-
Notifications
You must be signed in to change notification settings - Fork 777
Description
Bug report
Expected behavior and actual behavior
Expected: After a workflow completes successfully, the Nextflow JVM should exit cleanly, allowing the Azure Batch head task to terminate and release the node.
Actual: The JVM hangs indefinitely after workflow completion. The TowerClient.onFlowComplete() method blocks the main thread on an HTTP PUT call (sendHttpMessage(urlTraceComplete, ...)) to the Tower API that never receives a response. The JVM has been stuck for 35+ hours with 0% CPU. The workflow shows as COMPLETE on Seqera Platform but the Azure Batch task remains in active/running state forever.
Steps to reproduce the problem
Run any pipeline via Seqera Platform on Azure Batch. The issue is timing-dependent — it occurs when the Tower API connection becomes stale during the shutdown HTTP call.

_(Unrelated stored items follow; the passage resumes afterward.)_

(* Let $m,n\in\mathbb{N}$ with $n\le m\le 2n$. Let $L>0$, $C>1$, $\Gamma\subseteq\mathbb{Z}_n$, $r=20C(\log(|\Gamma|/2)+1)$, and $\tau<\frac{L}{20}\cdot\frac{1}{3+2\log(n)}$. Let $f:\mathbb{Z}_n\to\mathbb{C}$ and suppose that $|\alpha-\alpha'|_n>r$ for all distinct $\alpha,\alpha'\in\Gamma$, that $L\le|\widehat f(\alpha)|\le CL$ for all $\alpha\in\Gamma$, and that $|\widehat f(\alpha)|\le\tau$ for all $\alpha\notin\Gamma$. Then $|\widehat{\widetilde f}(\lfloor\frac mn\alpha\rceil)|\ge\frac15L$ for all $\alpha\in\Gamma$.
   Context: $\mathbb{Z}_n=\{0,\dots,n-1\}$ with addition mod $n$; elements are treated as these integer representatives. For $h:\mathbb{Z}_n\to\mathbb{C}$, $\widehat h(\alpha)=\frac1n\sum_{x\in\mathbb{Z}_n}h(x)\exp(-2\pi i\alpha x/n)$ (analogously on $\mathbb{Z}_m$). $\widetilde f:\mathbb{Z}_m\to\mathbb{C}$ is $\widetilde f(x)=f(x)$ for $0\le x<\min(n,m)$ and $0$ otherwise. $\lfloor x\rceil$ is the integer nearest to $x$, taken in $\mathbb{Z}_m$. For $k\in\mathbb{N}$, $x\in\mathbb{R}$: $|x|_k=\min\{|x-kz|:z\in\mathbb{Z}\}$. $\log$ is the natural logarithm. *)

theory Defs
  imports Complex_Main
begin

text \<open>Elements of Z_n are represented by naturals in {0..<n}; functions Z_n -> C by
  nat => complex, only values on {0..<n} being relevant.\<close>

definition dft :: "nat \<Rightarrow> (nat \<Rightarrow> complex) \<Rightarrow> nat \<Rightarrow> complex" where
  "dft n h \<alpha> = (1 / of_nat n) *
     (\<Sum>x<n. h x * exp (- 2 * pi * \<i> * of_nat \<alpha> * of_nat x / of_nat n))"

definition ext_fun :: "nat \<Rightarrow> nat \<Rightarrow> (nat \<Rightarrow> complex) \<Rightarrow> nat \<Rightarrow> complex" where
  "ext_fun n m f x = (if x < min n m then f x else 0)"

definition circ_abs :: "nat \<Rightarrow> real \<Rightarrow> real" where
  "circ_abs k x = Inf {\<bar>x - real k * of_int z\<bar> | z. True}"

definition round_mod :: "nat \<Rightarrow> real \<Rightarrow> nat" where
  "round_mod m x = nat (round x mod int m)"

end

theory Submission
  imports Defs "HOL-Analysis.Analysis"
begin

text \<open>
  By Fourier inversion, the padded DFT at \<open>\<gamma> = round (m \<alpha> / n)\<close> equals
  \<open>\<Sum>\<beta><n. F \<beta> * K (\<beta>/n - \<gamma>/m)\<close>, where \<open>F = dft n f\<close> and \<open>K\<close> is a Dirichlet kernel
  scaled by \<open>1/m\<close>. Rounding shifts the argument of the term \<open>\<beta> = \<alpha>\<close> by at most \<open>1/(2m)\<close>,
  so (as \<open>n/m \<ge> 1/2\<close>) its kernel value is at least \<open>11/25\<close>; for \<open>\<beta> \<noteq> \<alpha>\<close> Jordan's
  inequality bounds the kernel by \<open>1 / |\<beta> - \<alpha>|_n\<close>. The frequencies in \<open>\<Gamma>\<close> are \<open>r\<close>-separated,
  so these weights sum over \<open>\<Gamma>\<close> to at most \<open>2 harm |\<Gamma>| / r\<close> and the leakage from \<open>\<Gamma>\<close> is at
  most \<open>19 L / 100\<close>; the remaining frequencies leak at most \<open>2 \<tau> (1 + ln n) \<le> L / 20\<close>.
  Hence the coefficient is at least \<open>(44 - 19 - 5) L / 100 = L / 5\<close>.
\<close>

lemma norm_cis_minus_one: "cmod (cis a - 1) = 2 * \<bar>sin (a / 2)\<bar>"
proof -
  have "(cmod (cis a - 1))^2 = (cos a - 1)^2 + (sin a)^2"
    by (simp add: cmod_power2)
  also have "\<dots> = 2 - 2 * cos a"
    using sin_cos_squared_add[of a] by (simp add: power2_eq_square algebra_simps)
  also have "\<dots> = (2 * \<bar>sin (a / 2)\<bar>)^2"
    using cos_double_sin[of "a / 2"] by (simp add: power2_eq_square)
  finally have "(cmod (cis a - 1))^2 = (2 * \<bar>sin (a / 2)\<bar>)^2" .
  thus ?thesis by (rule power2_eq_imp_eq) auto
qed

lemma norm_sum_cis_mult_abs_sin:
  "cmod (\<Sum>x<N. cis (2 * pi * \<theta> * real x)) * \<bar>sin (pi * \<theta>)\<bar> = \<bar>sin (pi * real N * \<theta>)\<bar>"
proof -
  have pow: "cis (2 * pi * \<theta> * real x) = cis (2 * pi * \<theta>) ^ x" for x
    using Complex.DeMoivre[of "2 * pi * \<theta>" x] by (simp add: mult_ac)
  have "(cis (2 * pi * \<theta>) - 1) * (\<Sum>x<N. cis (2 * pi * \<theta> * real x)) = cis (2 * pi * \<theta>) ^ N - 1"
    unfolding pow by (simp add: power_diff_1_eq)
  hence "cmod (cis (2 * pi * \<theta>) - 1) * cmod (\<Sum>x<N. cis (2 * pi * \<theta> * real x))
      = cmod (cis (2 * pi * \<theta>) ^ N - 1)"
    by (simp only: norm_mult[symmetric])
  also have "cis (2 * pi * \<theta>) ^ N = cis (2 * pi * (real N * \<theta>))"
    by (simp add: Complex.DeMoivre mult_ac)
  finally have "2 * \<bar>sin (pi * \<theta>)\<bar> * cmod (\<Sum>x<N. cis (2 * pi * \<theta> * real x))
      = 2 * \<bar>sin (pi * (real N * \<theta>))\<bar>"
    unfolding norm_cis_minus_one by (simp add: mult.assoc)
  thus ?thesis by (simp add: mult_ac)
qed

lemma sin_ge_cubic:
  fixes t :: real
  assumes "t \<ge> 0"
  shows "sin t \<ge> t - t^3 / 6"
proof -
  have "\<bar>sin t - (\<Sum>m<3. sin_coeff m * t ^ m)\<bar> \<le> inverse (fact 3) * \<bar>t\<bar> ^ 3"
    by (rule Maclaurin_sin_bound)
  moreover have "(\<Sum>m<3. sin_coeff m * t ^ m) = t"
    by (simp add: eval_nat_numeral sin_coeff_def)
  moreover have "inverse (fact 3 :: real) = 1 / 6" by (simp add: eval_nat_numeral)
  ultimately have "\<bar>sin t - t\<bar> \<le> t^3 / 6" using assms by simp
  thus ?thesis by linarith
qed

lemma cos_ge_quadratic: "cos y \<ge> 1 - (y::real)^2 / 2"
proof -
  have "cos y = 1 - 2 * sin (y / 2) ^ 2"
    using cos_double_sin[of "y / 2"] by simp
  moreover have "sin (y / 2) ^ 2 \<le> (y / 2)^2"
    using abs_sin_x_le_abs_x[of "y / 2"] by (metis abs_le_square_iff)
  ultimately show ?thesis by (simp add: power2_eq_square)
qed

lemma jordan_inequality:
  fixes x :: real
  assumes "0 \<le> x" "x \<le> pi / 2"
  shows "2 * x / pi \<le> sin x"
proof (cases "x \<le> 7/5")
  case True
  have "x^2 \<le> 49/25" using True assms(1) mult_mono[of x "7/5" x "7/5"] by (simp add: power2_eq_square)
  moreover have "2 / pi \<le> 2/3" using pi_gt3 by (simp add: field_simps)
  ultimately have "2 / pi \<le> 1 - x^2 / 6" by linarith
  hence "x * (2 / pi) \<le> x * (1 - x^2 / 6)"
    using assms(1) by (rule mult_left_mono)
  hence "2 * x / pi \<le> x - x^3 / 6" by (simp add: algebra_simps power3_eq_cube power2_eq_square)
  thus ?thesis using sin_ge_cubic[OF assms(1)] by linarith
next
  case False
  define y where "y = pi / 2 - x"
  have y: "0 \<le> y" "y \<le> 1" using assms False pi_approx unfolding y_def by auto
  have "y^2 / 2 \<le> 2 * y / pi"
  proof -
    have "y * y \<le> y * 1" using y by (intro mult_left_mono) auto
    moreover have "pi * y \<le> 4 * y" using y pi_less_4 by (intro mult_right_mono) auto
    hence "y \<le> 4 * y / pi" by (simp add: field_simps)
    ultimately show ?thesis by (simp add: power2_eq_square)
  qed
  hence "2 * x / pi \<le> 1 - y^2 / 2" unfolding y_def by (simp add: field_simps)
  moreover have "sin x = cos y" unfolding y_def by (simp add: cos_diff)
  ultimately show ?thesis using cos_ge_quadratic[of y] by linarith
qed

lemma abs_sin_pi_ge_min:
  fixes u :: real
  assumes "0 \<le> u" "u \<le> 1"
  shows "2 * min u (1 - u) \<le> \<bar>sin (pi * u)\<bar>"
proof (cases "u \<le> 1/2")
  case True
  thus ?thesis using jordan_inequality[of "pi * u"] assms by (auto simp: min_def)
next
  case False
  have "sin (pi * u) = sin (pi * (1 - u))" by (simp add: algebra_simps sin_diff)
  thus ?thesis using jordan_inequality[of "pi * (1 - u)"] assms False by (auto simp: min_def)
qed

lemma ln_2_le: "ln (2::real) \<le> 0.9"
proof -
  have "exp (0.45::real) \<ge> 1.45" using exp_ge_add_one_self[of "0.45::real"] by simp
  hence "exp (0.45::real) * exp 0.45 \<ge> 1.45 * 1.45" by (intro mult_mono) auto
  hence "exp (0.9::real) \<ge> 2" by (simp add: exp_add[symmetric])
  hence "ln 2 \<le> ln (exp (0.9::real))" by (subst ln_le_cancel_iff) auto
  thus ?thesis by simp
qed

subsection \<open>Harmonic sums over separated sets\<close>

lemma harm_le_one_plus_ln:
  assumes "n \<ge> 1"
  shows "(harm n :: real) \<le> 1 + ln (real n)"
  using euler_mascheroni_sequence_decreasing[of 1 n] assms by (simp add: harm_def)

lemma sum_inverse_reflect_eq_harm: "(\<Sum>k\<in>{1..N}. 1 / real (Suc N - k)) = harm N"
proof -
  have "(\<Sum>k\<in>{1..N}. 1 / real (Suc N - k)) = (\<Sum>k\<in>{1..N}. 1 / real (Suc N - (N + 1 - k)))"
    by (subst sum.atLeastAtMost_rev) simp
  also have "\<dots> = (\<Sum>k\<in>{1..N}. 1 / real k)" by (rule sum.cong) auto
  finally show ?thesis unfolding harm_def by (simp add: divide_inverse)
qed

lemma separated_card_mult_less_Max:
  fixes S :: "real set"
  assumes "finite S" "S \<noteq> {}" "\<forall>s\<in>S. s > r"
    and "\<forall>s\<in>S. \<forall>s'\<in>S. s \<noteq> s' \<longrightarrow> \<bar>s - s'\<bar> > r"
  shows "real (card S) * r < Max S"
  using assms
proof (induction S rule: finite_linorder_max_induct)
  case empty
  then show ?case by simp
next
  case (insert b A)
  show ?case
  proof (cases "A = {}")
    case True
    with insert.prems show ?thesis by simp
  next
    case False
    have "real (card A) * r < Max A" using insert False by auto
    moreover have "Max A \<in> A" "Max A < b" using insert.hyps False by auto
    moreover have "\<bar>b - Max A\<bar> > r" using insert.prems calculation(2,3) by auto
    moreover have "Max (insert b A) = b" "card (insert b A) = Suc (card A)"
      using insert.hyps by (auto intro: Max_eqI less_imp_le)
    ultimately show ?thesis by (simp add: algebra_simps)
  qed
qed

Reproduction requires a network condition where the TCP connection is established but the response is never delivered.
Program output
Last lines of Nextflow log — log goes silent after TimelineObserver, the next observer (TowerClient) never produces output:
Mar-03 00:33:40.068 [main] DEBUG nextflow.trace.WorkflowStatsObserver - Workflow completed
Mar-03 00:33:40.068 [main] DEBUG nextflow.trace.TimelineObserver - Workflow completed -- rendering execution timeline
<EOF — no further output, no "Session destroyed", no System.exit()>
Thread state from the stuck node (via /proc, 35+ hours after completion):
TID=4474 name=java state=S (sleeping) ← main thread blocked
TID=4821 name=tower-logs-chec state=S (sleeping) ← next observer never called
TID=4645 name=HttpClient-1-Se state=S (sleeping) ← Java HttpClient threads alive
(Tower-thread ABSENT — sender exited cleanly, sender.join() is not the issue)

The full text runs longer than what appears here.